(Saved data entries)
================================

(* Let $x_1,\ldots,x_m$ be arbitrary positive integers and let $ES(x_1,\ldots,x_m)$ denote the number of sign vectors $(\varepsilon_1,\ldots,\varepsilon_m)\in\{-1,1\}^m$ with $\sum_{i=1}^m\varepsilon_i x_i=0$. Then $$ES(x_1,\ldots,x_m)\le 2^m\left(\frac{(2m-1)!!}{(2m)!!}\right)^{1/2}=\left(2\binom{2m-1}{m}\right)^{1/2}.$$ In particular, for every positive integer $m$, $J_m\le\left(2\binom{2m+1}{m+1}\right)^{1/2}$, where $J_m$ is the number of $(\delta_0,\ldots,\delta_m)\in\{-1,1\}^{m+1}$ with $\sum_{i=0}^m\delta_i\binom{m}{i}=0$.
   Context: $k!!$ denotes the double factorial, the product of all positive integers $\le k$ having the same parity as $k$. *)

theory Defs
  imports "HOL-Library.FuncSet" Complex_Main
begin

fun dfact :: "nat \<Rightarrow> nat" where
  "dfact 0 = 1"
| "dfact (Suc 0) = 1"
| "dfact (Suc (Suc n)) = Suc (Suc n) * dfact n"

text \<open>ES x m: number of sign vectors (e_0,...,e_{m-1}) in {-1,1}^m with sum e_i x_i = 0
  (indices shifted to 0..m-1).\<close>
definition ES :: "(nat \<Rightarrow> int) \<Rightarrow> nat \<Rightarrow> nat" where
  "ES x m = card {e \<in> {..<m} \<rightarrow>\<^sub>E {-1, 1}. (\<Sum>i<m. e i * x i) = 0}"

definition J :: "nat \<Rightarrow> nat" where
  "J m = card {d \<in> {..m} \<rightarrow>\<^sub>E {-1, 1}. (\<Sum>i\<le>m. d i * int (m choose i)) = 0}"

end

theory Submission
  imports Defs "HOL-Combinatorics.Multiset_Permutations"
begin

text \<open>For positive weights, the set of indices carrying the sign \<open>+1\<close> in a zero-sum sign
  vector has weight exactly half the total weight, so these sets form an antichain of subsets
  of the index set. Sperner's theorem bounds their number by \<open>m choose (m div 2)\<close>, whose
  square is at most \<open>\<Sum>k. (m choose k)\<^sup>2 = (2m) choose m\<close>. The double factorial
  expression is the square root of \<open>(2m) choose m\<close>, and \<open>J m\<close> is \<open>ES\<close> evaluated at the
  \<open>m + 1\<close> binomial coefficients of order \<open>m\<close>.\<close>

lemma card_permutations_with_initial_set:
  assumes "finite U" and "A \<subseteq> U"
  shows "card {\<sigma> \<in> permutations_of_set U. set (take (card A) \<sigma>) = A}
         = fact (card A) * fact (card U - card A)"
proof -
  let ?S = "{\<sigma> \<in> permutations_of_set U. set (take (card A) \<sigma>) = A}"
  let ?T = "permutations_of_set A \<times> permutations_of_set (U - A)"
  have "?S = (\<lambda>(p, q). p @ q) ` ?T"
  proof (intro equalityI subsetI)
    fix \<sigma> assume "\<sigma> \<in> ?S"
    hence d: "distinct \<sigma>" and "set \<sigma> = U" and st: "set (take (card A) \<sigma>) = A"
      by (auto dest: permutations_of_setD)
    moreover have "set (take (card A) \<sigma>) \<inter> set (drop (card A) \<sigma>) = {}"
      using d by (simp add: set_take_disj_set_drop_if_distinct)
    moreover have "set (take (card A) \<sigma>) \<union> set (drop (card A) \<sigma>) = set \<sigma>"
      by (metis append_take_drop_id set_append)
    ultimately have "set (drop (card A) \<sigma>) = U - A" by blast
    hence "(take (card A) \<sigma>, drop (card A) \<sigma>) \<in> ?T"
      using st d by (auto intro!: permutations_of_setI)
    thus "\<sigma> \<in> (\<lambda>(p, q). p @ q) ` ?T"
      by (metis (no_types, lifting) append_take_drop_id case_prod_conv image_eqI)
  next
    fix \<sigma> assume "\<sigma> \<in> (\<lambda>(p, q). p @ q) ` ?T"
    then obtain p q where pq: "p \<in> permutations_of_set A" "q \<in> permutations_of_set (U - A)"
      and \<sigma>: "\<sigma> = p @ q" by auto
    have "length p = card A" using pq(1) by (rule length_finite_permutations_of_set)
    moreover have "set p = A" "distinct p" "set q = U - A" "distinct q"
      using pq by (auto dest: permutations_of_setD)
    ultimately show "\<sigma> \<in> ?S" using \<sigma> assms(2) by (auto intro!: permutations_of_setI)
  qed
  moreover have "inj_on (\<lambda>(p, q). p @ q) ?T"
    by (rule inj_onI) (auto dest!: length_finite_permutations_of_set)
  ultimately have "card ?S = card ?T" by (simp add: card_image)
  also have "\<dots> = fact (card A) * fact (card U - card A)"
    using assms finite_subset[OF assms(2,1)] by (simp add: card_cartesian_product card_Diff_subset)
  finally show ?thesis .
qed

text \<open>Lubell's proof: distinct members of an antichain are initial segments of disjoint sets of
  orderings of \<open>U\<close>, and a set of size \<open>k\<close> is an initial segment of
  \<open>k! (n - k)! \<ge> n! / (n choose (n div 2))\<close> orderings.\<close>

theorem sperner:
  assumes "finite U" and "F \<subseteq> Pow U" and antichain: "\<And>A B. A \<in> F \<Longrightarrow> B \<in> F \<Longrightarrow> A \<subseteq> B \<Longrightarrow> A = B"
  shows "card F \<le> card U choose (card U div 2)"
proof -
  let ?n = "card U" and ?M = "card U choose (card U div 2)"
  define C where "C A = {\<sigma> \<in> permutations_of_set U. set (take (card A) \<sigma>) = A}" for A
  have "finite F" using assms(1,2) by (meson finite_Pow_iff finite_subset)
  have disjoint: "C A \<inter> C B = {}" if "A \<in> F" "B \<in> F" "A \<noteq> B" for A B
  proof (rule ccontr)
    assume "C A \<inter> C B \<noteq> {}"
    then obtain \<sigma> where "set (take (card A) \<sigma>) = A" "set (take (card B) \<sigma>) = B"
      unfolding C_def by blast
    hence "A \<subseteq> B \<or> B \<subseteq> A" by (metis nat_le_linear set_take_subset_set_take)
    thus False using antichain that by blast
  qed
  have fact_le: "fact ?n \<le> card (C A) * ?M" if "A \<in> F" for A
  proof -
    have "A \<subseteq> U" using that assms(2) by blast
    hence "card A \<le> ?n" and "card (C A) = fact (card A) * fact (?n - card A)"
      using assms(1) card_permutations_with_initial_set unfolding C_def by (auto intro: card_mono)
    hence "fact ?n = card (C A) * (?n choose card A)" by (simp add: binomial_fact_lemma)
    also have "\<dots> \<le> card (C A) * ?M" by (simp add: binomial_maximum)
    finally show ?thesis .
  qed
  have "card F * fact ?n = (\<Sum>A\<in>F. fact ?n)" by simp
  also have "\<dots> \<le> (\<Sum>A\<in>F. card (C A) * ?M)" by (rule sum_mono) (rule fact_le)
  also have "\<dots> = (\<Sum>A\<in>F. card (C A)) * ?M" by (rule sum_distrib_right[symmetric])
  also have "(\<Sum>A\<in>F. card (C A)) = card (\<Union>A\<in>F. C A)"
    using \<open>finite F\<close> disjoint by (subst card_UN_disjoint) (auto simp: C_def)
  also have "\<dots> \<le> card (permutations_of_set U)"
    using assms(1) by (intro card_mono) (auto simp: C_def)
  finally have "card F * fact ?n \<le> fact ?n * ?M" using assms(1) by simp
  thus ?thesis by (simp add: mult.commute)
qed

lemma inj_on_PiE_two_values:
  "inj_on (\<lambda>e. {i \<in> I. e i = b}) (I \<rightarrow>\<^sub>E {a, b})"
proof (rule inj_onI)
  fix e e' assume e: "e \<in> I \<rightarrow>\<^sub>E {a, b}" and e': "e' \<in> I \<rightarrow>\<^sub>E {a, b}"
    and eq: "{i \<in> I. e i = b} = {i \<in> I. e' i = b}"
  show "e = e'"
  proof (rule PiE_ext[OF e e'])
    fix i assume "i \<in> I"
    hence "e i = b \<longleftrightarrow> e' i = b" using eq by blast
    moreover have "e i \<in> {a, b}" "e' i \<in> {a, b}" using e e' \<open>i \<in> I\<close> by auto
    ultimately show "e i = e' i" by auto
  qed
qed

lemma sum_sign_vector:
  fixes x :: "'a \<Rightarrow> 'b::comm_ring_1"
  assumes "finite I" and "e \<in> I \<rightarrow>\<^sub>E {-1, 1}"
  shows "(\<Sum>i\<in>I. e i * x i) = 2 * sum x {i \<in> I. e i = 1} - sum x I"
proof -
  have "(\<Sum>i\<in>I. e i * x i) = (\<Sum>i\<in>I. 2 * (if e i = 1 then x i else 0) - x i)"
    using assms by (intro sum.cong) (auto simp: PiE_iff)
  also have "\<dots> = 2 * sum x {i \<in> I. e i = 1} - sum x I"
    using assms(1) by (simp add: sum_subtractf sum_distrib_left sum.inter_filter)
  finally show ?thesis .
qed

lemma subset_sum_eq_imp_eq:
  fixes x :: "'a \<Rightarrow> 'b::ordered_cancel_comm_monoid_add"
  assumes "finite B" and "A \<subseteq> B" and "\<And>i. i \<in> B \<Longrightarrow> x i > 0" and "sum x A = sum x B"
  shows "A = B"
proof (rule ccontr)
  assume "A \<noteq> B"
  then obtain b where "b \<in> B - A" using assms(2) by blast
  hence "sum x A < sum x B"
    using assms(1-3) by (intro sum_strict_mono2) (auto intro: less_imp_le)
  thus False using assms(4) by simp
qed

lemma ES_le_middle_binomial:
  assumes "\<forall>i<n. x i > 0"
  shows "ES x n \<le> n choose (n div 2)"
proof -
  let ?E = "{e \<in> {..<n} \<rightarrow>\<^sub>E {-1, 1}. (\<Sum>i<n. e i * x i) = 0}"
  let ?plus = "\<lambda>e :: nat \<Rightarrow> int. {i \<in> {..<n}. e i = 1}"
  have half: "2 * sum x (?plus e) = sum x {..<n}" if "e \<in> ?E" for e
    using that sum_sign_vector[of "{..<n}" e x] by simp
  have "inj_on ?plus ?E" by (rule inj_on_subset[OF inj_on_PiE_two_values]) blast
  hence "ES x n = card (?plus ` ?E)" unfolding ES_def by (simp add: card_image)
  also have "\<dots> \<le> card {..<n} choose (card {..<n} div 2)"
  proof (rule sperner)
    fix A B assume A: "A \<in> ?plus ` ?E" and B: "B \<in> ?plus ` ?E" and "A \<subseteq> B"
    moreover have "sum x A = sum x B" using half A B by (smt (verit) imageE)
    moreover have "B \<subseteq> {..<n}" using B by blast
    ultimately show "A = B" using assms by (intro subset_sum_eq_imp_eq) (auto intro: finite_subset)
  qed blast+
  finally show ?thesis by simp
qed

lemma middle_binomial_square_le: "(n choose (n div 2))\<^sup>2 \<le> (2 * n) choose n"
proof -
  have "(n choose (n div 2))\<^sup>2 \<le> (\<Sum>k\<le>n. (n choose k)\<^sup>2)" by (rule member_le_sum) auto
  thus ?thesis by (simp add: choose_square_sum)
qed

lemma ES_le_sqrt_central_binomial:
  assumes "\<forall>i<n. x i > 0"
  shows "real (ES x n) \<le> sqrt (real ((2 * n) choose n))"
proof (rule real_le_rsqrt)
  have "(ES x n)\<^sup>2 \<le> (2 * n) choose n"
    using power_mono[OF ES_le_middle_binomial[OF assms]] middle_binomial_square_le
    by (meson le_trans zero_le)
  thus "(real (ES x n))\<^sup>2 \<le> real ((2 * n) choose n)" by (metis of_nat_le_iff of_nat_power)
qed

lemma dfact_pos: "dfact n > 0"
  by (induction n rule: dfact.induct) simp_all

lemma dfact_mult_dfact_Suc: "dfact n * dfact (Suc n) = fact (Suc n)"
proof (induction n)
  case (Suc n)
  have "dfact (Suc n) * dfact (Suc (Suc n)) = Suc (Suc n) * (dfact n * dfact (Suc n))"
    by (simp add: algebra_simps)
  also have "\<dots> = fact (Suc (Suc n))" using Suc.IH by (metis fact_Suc of_nat_id)
  finally show ?case .
qed simp

lemma dfact_double: "dfact (2 * m) = 2 ^ m * fact m"
proof (induction m)
  case (Suc m)
  have "dfact (2 * Suc m) = 2 * Suc m * dfact (2 * m)" by simp
  thus ?case using Suc.IH by (simp add: fact_Suc algebra_simps)
qed simp

lemma sqrt_dfact_quotient:
  "2 ^ m * sqrt (real (dfact (2 * m - 1)) / real (dfact (2 * m))) = sqrt (real ((2 * m) choose m))"
proof -
  have prod: "dfact (2 * m - 1) * dfact (2 * m) = ((2 * m) choose m) * fact m * fact m"
  proof (cases m)
    case (Suc k)
    hence "dfact (2 * m - 1) * dfact (2 * m) = fact (2 * m)"
      using dfact_mult_dfact_Suc[of "2 * k + 1"] by simp
    thus ?thesis using binomial_fact_lemma[of m "2 * m"] by (simp add: algebra_simps)
  qed simp
  have "real (dfact (2 * m - 1)) / real (dfact (2 * m))
      = real (dfact (2 * m - 1) * dfact (2 * m)) / (real (dfact (2 * m)))\<^sup>2"
    using dfact_pos[of "2 * m"] by (simp add: power2_eq_square)
  also have "\<dots> = real ((2 * m) choose m) / (2 ^ m)\<^sup>2"
    unfolding prod by (simp add: dfact_double power_mult_distrib power2_eq_square)
  finally show ?thesis by (simp add: real_sqrt_divide)
qed

lemma central_binomial_eq_double:
  assumes "m \<ge> 1"
  shows "(2 * m) choose m = 2 * ((2 * m - 1) choose m)"
proof -
  obtain k where k: "m = Suc k" using assms by (cases m) auto
  have "(2 * m) choose m = ((2 * k + 1) choose k) + ((2 * k + 1) choose Suc k)"
    using k by simp
  also have "(2 * k + 1) choose k = (2 * k + 1) choose Suc k"
    using binomial_symmetric[of k "2 * k + 1"] by simp
  finally show ?thesis using k by simp
qed

lemma J_eq_ES: "J m = ES (\<lambda>i. int (m choose i)) (Suc m)"
  unfolding J_def ES_def lessThan_Suc_atMost ..

theorem theorem3:
  fixes x :: "nat \<Rightarrow> int" and m :: nat
  assumes "m \<ge> 1" and "\<forall>i<m. x i > 0"
  shows "real (ES x m) \<le> 2 ^ m * sqrt (real (dfact (2 * m - 1)) / real (dfact (2 * m)))
       \<and> 2 ^ m * sqrt (real (dfact (2 * m - 1)) / real (dfact (2 * m)))
           = sqrt (2 * real ((2 * m - 1) choose m))
       \<and> real (J m) \<le> sqrt (2 * real ((2 * m + 1) choose (m + 1)))"
proof (intro conjI)
  show "real (ES x m) \<le> 2 ^ m * sqrt (real (dfact (2 * m - 1)) / real (dfact (2 * m)))"
    using ES_le_sqrt_central_binomial[OF assms(2)] by (simp only: sqrt_dfact_quotient)
  show "2 ^ m * sqrt (real (dfact (2 * m - 1)) / real (dfact (2 * m)))
      = sqrt (2 * real ((2 * m - 1) choose m))"
    unfolding sqrt_dfact_quotient central_binomial_eq_double[OF assms(1)] by simp
  have "real (J m) \<le> sqrt (real ((2 * Suc m) choose Suc m))"
    unfolding J_eq_ES by (rule ES_le_sqrt_central_binomial) simp
  also have "(2 * Suc m) choose Suc m = 2 * ((2 * m + 1) choose (m + 1))"
    using central_binomial_eq_double[of "Suc m"] by simp
  finally show "real (J m) \<le> sqrt (2 * real ((2 * m + 1) choose (m + 1)))" by simp
qed

end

================================

Task to carry out:
Working through the records, copy each line in which the word "integers" appears.

Answer to this task:
(* Let $x_1,\ldots,x_m$ be arbitrary positive integers and let $ES(x_1,\ldots,x_m)$ denote the number of sign vectors $(\varepsilon_1,\ldots,\varepsilon_m)\in\{-1,1\}^m$ with $\sum_{i=1}^m\varepsilon_i x_i=0$. Then $$ES(x_1,\ldots,x_m)\le 2^m\left(\frac{(2m-1)!!}{(2m)!!}\right)^{1/2}=\left(2\binom{2m-1}{m}\right)^{1/2}.$$ In particular, for every positive integer $m$, $J_m\le\left(2\binom{2m+1}{m+1}\right)^{1/2}$, where $J_m$ is the number of $(\delta_0,\ldots,\delta_m)\in\{-1,1\}^{m+1}$ with $\sum_{i=0}^m\delta_i\binom{m}{i}=0$.
   Context: $k!!$ denotes the double factorial, the product of all positive integers $\le k$ having the same parity as $k$. *)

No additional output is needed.